* _How to complete this task_
Using the listing below, extract each line that has the word "Jline" in it.

* _Material for this task_
■ ■ ■ ■
(* Let $\mathbb N^*$ be a nonempty subset of $\mathbb N$. Then for any given maps $\omega:\mathbb N^*\to\mathcal A$ and $\alpha:\mathbb N^*\to\mathcal A'$, there exist a family $\{S_n:n\in\mathbb N^*\}$ of pairwise disjoint countable subsets of $(-1,1)$ and a normally rising homeomorphism $f:J^2\to J^2$ such that, for every $n\in\mathbb N^*$, $S_n$ is dense in $J$, and $\omega_f(r,s)=\omega(n)$ and $\alpha_f(r,s)=\alpha(n)$ for every $(r,s)\in(-1,1)\times S_n$.
   Context: $J=[-1,1]$, and for $s\in J$, $J_s=J\times\{s\}$. $\mathcal A$ denotes the collection of all nonempty connected closed subsets of $J_1$, and $\mathcal A'$ the collection of all nonempty connected closed subsets of $J_{-1}$. Define $f_{01}:J\to J$ by $f_{01}(s)=(s+1)/2$ if $0\le s\le 1$, $f_{01}(s)=s+1/2$ if $-1/2\le s\le 0$, $f_{01}(s)=2s+1$ if $-1\le s\le -1/2$, and $f_{02}:J^2\to J^2$ by $f_{02}(r,s)=(r,f_{01}(s))$. A homeomorphism $f:J^2\to J^2$ is normally rising if $f|\partial J^2=f_{02}|\partial J^2$ (where $\partial J^2$ is the boundary of the square) and $f(J_s)=f_{02}(J_s)$ for every $s\in J$. For a homeomorphism $g$ and a point $x$, $\omega_g(x)$ is the $\omega$-limit set of $x$ (the set of limits of $g^{n_i}(x)$ over increasing sequences of positive integers $n_i$) and $\alpha_g(x)=\omega_{g^{-1}}(x)$ is the $\alpha$-limit set. *)

theory Defs
  imports "HOL-Analysis.Analysis"
begin

definition JJ :: "real set" where "JJ = {-1..1}"

definition Jline :: "real \<Rightarrow> (real \<times> real) set" where
  "Jline s = JJ \<times> {s}"

definition sq :: "(real \<times> real) set" where "sq = JJ \<times> JJ"

definition calA :: "(real \<times> real) set set" where
  "calA = {C. C \<noteq> {} \<and> connected C \<and> closed C \<and> C \<subseteq> Jline 1}"

definition calA' :: "(real \<times> real) set set" where
  "calA' = {C. C \<noteq> {} \<and> connected C \<and> closed C \<and> C \<subseteq> Jline (-1)}"

definition f01 :: "real \<Rightarrow> real" where
  "f01 s = (if 0 \<le> s then (s + 1) / 2 else if -1/2 \<le> s then s + 1/2 else 2 * s + 1)"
■ ■ ■ ■
* _Output of the task_
definition Jline :: "real \<Rightarrow> (real \<times> real) set" where
  "Jline s = JJ \<times> {s}"
  "calA = {C. C \<noteq> {} \<and> connected C \<and> closed C \<and> C \<subseteq> Jline 1}"
  "calA' = {C. C \<noteq> {} \<and> connected C \<and> closed C \<and> C \<subseteq> Jline (-1)}"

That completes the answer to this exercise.